**PROBLEM TO WORK ON**
The lines to reproduce from the material below are those from the one containing "(SUP a\<in>A. INF" through the one containing "subsequence \<lambda> and", both included; write them out exactly and add nothing.

**EXCERPTED DATA**
definition locally_self_similar :: "('a::metric_space) set \<Rightarrow> bool" where
  "locally_self_similar F \<longleftrightarrow>
     (\<forall>x\<in>F. \<forall>y\<in>F. \<forall>\<rho>1>0. \<forall>\<rho>2>0. \<exists>g. similarity g \<and>
        g ` (ball x \<rho>1 \<inter> F) \<subseteq> ball y \<rho>2 \<inter> F \<and>
        openin (top_of_set F) (g ` (ball x \<rho>1 \<inter> F)))"

text \<open>Excess exc(A,B) = sup_{a in A} inf_{b in B} |a-b|, valued in [0,inf]
  (sup over empty set is 0, inf over empty set is infinity).\<close>
definition exc :: "('a::metric_space) set \<Rightarrow> 'a set \<Rightarrow> ennreal" where
  "exc A B = (SUP a\<in>A. INF b\<in>B. ennreal (dist a b))"

definition attouch_wets :: "(nat \<Rightarrow> ('a::real_normed_vector) set) \<Rightarrow> 'a set \<Rightarrow> bool" where
  "attouch_wets X Y \<longleftrightarrow>
     (\<forall>r>0. (\<lambda>m. exc (X m \<inter> cball 0 r) Y) \<longlonglongrightarrow> 0 \<and>
            (\<lambda>m. exc (Y \<inter> cball 0 r) (X m)) \<longlonglongrightarrow> 0)"

definition Tan :: "('a::real_normed_vector) set \<Rightarrow> 'a \<Rightarrow> 'a set set" where
  "Tan K x = {T. closed T \<and> 0 \<in> T \<and>
     (\<exists>r::nat \<Rightarrow> real. (\<forall>j. r j > 0) \<and> decseq r \<and> r \<longlonglongrightarrow> 0 \<and>
        attouch_wets (\<lambda>j. (\<lambda>y. (1 / r j) *\<^sub>R (y - x)) ` K) T)}"

end

theory Submission
  imports Defs
begin

text \<open>
  Choose the level n with k^n \<le> 1/r < k^(n+1). The blow-up (K - x)/r is then
  \<lambda> (K + Z - f): here \<lambda> \<in> [1, k], f \<in> [0,1]^N is the fractional part of k^n x and Z is the
  set of integer addresses of the level-n cells, shifted by the integer part of k^n x. Along a
  subsequence \<lambda> and f converge and, inside any bounded window, the finite pattern Z stabilises
  to some F; hence near the origin the tangent T coincides with \<lambda>0 (K + F - f0), finitely many
  integer translates of a scaled copy of K. Integer translates of the open unit cube are
  disjoint, so around every point of T there is a small similar copy of K \<inter> (0,1)^N lying in T
  exactly. Conversely, every ball of T is similar to a piece of K near x, read at a fine level
  at which the pattern around x is again F; since x is interior, this piece lies in the open
  unit cube. Composing the two similarities gives local self-similarity.
\<close>

section \<open>Dilations and local self-similarity\<close>

definition dilation :: "real \<Rightarrow> 'a::real_vector \<Rightarrow> 'a \<Rightarrow> 'a" where
  "dilation c d y = c *\<^sub>R (y + d)"

lemma similarity_dilation: "c > 0 \<Longrightarrow> similarity (dilation c (d::'a::real_normed_vector))"
  unfolding similarity_def dilation_def dist_norm
  by (rule exI[of _ c]) (simp flip: scaleR_diff_right)

lemma dilation_dilation:
  "c' \<noteq> 0 \<Longrightarrow> dilation c d (dilation c' d' y) = dilation (c * c') (d' + (1 / c') *\<^sub>R d) y"
  unfolding dilation_def by (simp add: algebra_simps)

lemma inj_dilation: "c \<noteq> 0 \<Longrightarrow> inj (dilation c d)"
  unfolding dilation_def by (rule injI) simp

lemma dilation_image_ball:
  fixes a d :: "'a::real_normed_vector"
  assumes "c > 0"
  shows "dilation c d ` ball a \<rho> = ball (dilation c d a) (c * \<rho>)"
proof -
  have "(\<lambda>y. y + d) ` ball a \<rho> = ball (a + d) \<rho>"
    using image_add_ball[of d a \<rho>] by (simp add: add.commute)
  moreover have "dilation c d ` ball a \<rho> = (\<lambda>y. c *\<^sub>R y) ` ((\<lambda>y. y + d) ` ball a \<rho>)"
    unfolding dilation_def image_image by simp
  ultimately have "dilation c d ` ball a \<rho> = (\<lambda>y. c *\<^sub>R y) ` ball (a + d) \<rho>"
    by simp
  then show ?thesis
    using assms by (simp add: ball_scale dilation_def)
qed

lemma locally_self_similarI:
  fixes T K V :: "'a::real_normed_vector set"
  assumes charts: "\<And>a \<rho>. a \<in> T \<Longrightarrow> \<rho> > 0 \<Longrightarrow> \<exists>c d. c > 0 \<and> dilation c d ` ball a \<rho> \<subseteq> V \<and>
              (\<forall>y\<in>ball a \<rho>. y \<in> T \<longleftrightarrow> dilation c d y \<in> K)"
    and copies: "\<And>b \<rho>. b \<in> T \<Longrightarrow> \<rho> > 0 \<Longrightarrow> \<exists>c d. c > 0 \<and> dilation c d ` V \<subseteq> ball b \<rho> \<and>
              (\<forall>w\<in>V. dilation c d w \<in> T \<longleftrightarrow> w \<in> K)"
  shows "locally_self_similar T"
  unfolding locally_self_similar_def
proof (intro ballI allI impI)
  fix a b and \<rho>1 \<rho>2 :: real
  assume "a \<in> T" "b \<in> T" "\<rho>1 > 0" "\<rho>2 > 0"
  obtain c1 d1 where c1: "c1 > 0" and into: "dilation c1 d1 ` ball a \<rho>1 \<subseteq> V"
    and chart: "\<forall>y\<in>ball a \<rho>1. y \<in> T \<longleftrightarrow> dilation c1 d1 y \<in> K"
    using charts[OF \<open>a \<in> T\<close> \<open>\<rho>1 > 0\<close>] by blast
  obtain c2 d2 where c2: "c2 > 0" and onto: "dilation c2 d2 ` V \<subseteq> ball b \<rho>2"
    and copy: "\<forall>w\<in>V. dilation c2 d2 w \<in> T \<longleftrightarrow> w \<in> K"
    using copies[OF \<open>b \<in> T\<close> \<open>\<rho>2 > 0\<close>] by blast
  define g where "g = dilation (c2 * c1) (d1 + (1 / c1) *\<^sub>R d2)"
  have g: "g y = dilation c2 d2 (dilation c1 d1 y)" for y
    unfolding g_def using c1 by (simp add: dilation_dilation)
  have "y \<in> T \<longleftrightarrow> g y \<in> T" if "y \<in> ball a \<rho>1" for y
    using that chart copy into unfolding g by blast
  then have image_eq: "g ` (ball a \<rho>1 \<inter> T) = g ` ball a \<rho>1 \<inter> T"
    by blast
  have "g ` ball a \<rho>1 \<subseteq> ball b \<rho>2"
    using into onto unfolding g by blast
  then have "g ` (ball a \<rho>1 \<inter> T) \<subseteq> ball b \<rho>2 \<inter> T"
    unfolding image_eq by blast
  moreover have "openin (top_of_set T) (g ` (ball a \<rho>1 \<inter> T))"
  proof -
    have "open (g ` ball a \<rho>1)"
      unfolding g_def using c1 c2 by (simp add: dilation_image_ball)
    then show ?thesis
      unfolding image_eq by (simp add: openin_open_Int Int_commute)
  qed
  moreover have "similarity g"
    unfolding g_def using c1 c2 by (simp add: similarity_dilation)
  ultimately show "\<exists>g. similarity g \<and> g ` (ball a \<rho>1 \<inter> T) \<subseteq> ball b \<rho>2 \<inter> T \<and>
      openin (top_of_set T) (g ` (ball a \<rho>1 \<inter> T))"
    by blast
qed

section \<open>Attouch--Wets convergence\<close>

lemma exc_lessD:
  assumes "exc A B < ennreal e" "a \<in> A"
  shows "\<exists>b\<in>B. dist a b < e"
proof -
  have "(INF b\<in>B. ennreal (dist a b)) < ennreal e"
    using assms unfolding exc_def by (meson SUP_upper le_less_trans)
  then show ?thesis
    by (auto simp: INF_less_iff ennreal_less_iff)
qed

lemma eventually_exc_less:
  assumes "(\<lambda>j. exc (A j) (B j)) \<longlonglongrightarrow> 0" "e > 0"
  shows "eventually (\<lambda>j. \<forall>a\<in>A j. \<exists>b\<in>B j. dist a b < e) sequentially"
proof -
  have "eventually (\<lambda>j. exc (A j) (B j) < ennreal e) sequentially"
    using assms by (intro order_tendstoD(2)) auto
  then show ?thesis
    by eventually_elim (blast dest: exc_lessD)
qed

lemma attouch_wets_subseq:
  assumes "attouch_wets X T" "strict_mono \<sigma>"
  shows "attouch_wets (\<lambda>j. X (\<sigma> j)) T"
  using assms LIMSEQ_subseq_LIMSEQ unfolding attouch_wets_def comp_def by fast

lemma attouch_wets_limit_approx:
  assumes "attouch_wets X T" "t \<in> T" "e > 0"
  shows "eventually (\<lambda>j. \<exists>y\<in>X j. dist t y < e) sequentially"
proof -
  have "(\<lambda>j. exc (T \<inter> cball 0 (norm t + 1)) (X j)) \<longlonglongrightarrow> 0"
    using assms(1) unfolding attouch_wets_def by (simp add: add_nonneg_pos)
  from eventually_exc_less[OF this \<open>e > 0\<close>] show ?thesis
    by eventually_elim (simp add: \<open>t \<in> T\<close>)
qed

lemma attouch_wets_bounded_approx:
  assumes "attouch_wets X T" "R > 0" "e > 0"
  shows "eventually (\<lambda>j. \<forall>y\<in>X j. norm y \<le> R \<longrightarrow> (\<exists>t\<in>T. dist y t < e)) sequentially"
proof -
  have "(\<lambda>j. exc (X j \<inter> cball 0 R) T) \<longlonglongrightarrow> 0"
    using assms(1,2) unfolding attouch_wets_def by blast
  from eventually_exc_less[OF this \<open>e > 0\<close>] show ?thesis
    by eventually_elim simp
qed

**REPLY TO THE TASK**
  "exc A B = (SUP a\<in>A. INF b\<in>B. ennreal (dist a b))"

definition attouch_wets :: "(nat \<Rightarrow> ('a::real_normed_vector) set) \<Rightarrow> 'a set \<Rightarrow> bool" where
  "attouch_wets X Y \<longleftrightarrow>
     (\<forall>r>0. (\<lambda>m. exc (X m \<inter> cball 0 r) Y) \<longlonglongrightarrow> 0 \<and>
            (\<lambda>m. exc (Y \<inter> cball 0 r) (X m)) \<longlonglongrightarrow> 0)"

definition Tan :: "('a::real_normed_vector) set \<Rightarrow> 'a \<Rightarrow> 'a set set" where
  "Tan K x = {T. closed T \<and> 0 \<in> T \<and>
     (\<exists>r::nat \<Rightarrow> real. (\<forall>j. r j > 0) \<and> decseq r \<and> r \<longlonglongrightarrow> 0 \<and>
        attouch_wets (\<lambda>j. (\<lambda>y. (1 / r j) *\<^sub>R (y - x)) ` K) T)}"

end

theory Submission
  imports Defs
begin

text \<open>
  Choose the level n with k^n \<le> 1/r < k^(n+1). The blow-up (K - x)/r is then
  \<lambda> (K + Z - f): here \<lambda> \<in> [1, k], f \<in> [0,1]^N is the fractional part of k^n x and Z is the
  set of integer addresses of the level-n cells, shifted by the integer part of k^n x. Along a
  subsequence \<lambda> and f converge and, inside any bounded window, the finite pattern Z stabilises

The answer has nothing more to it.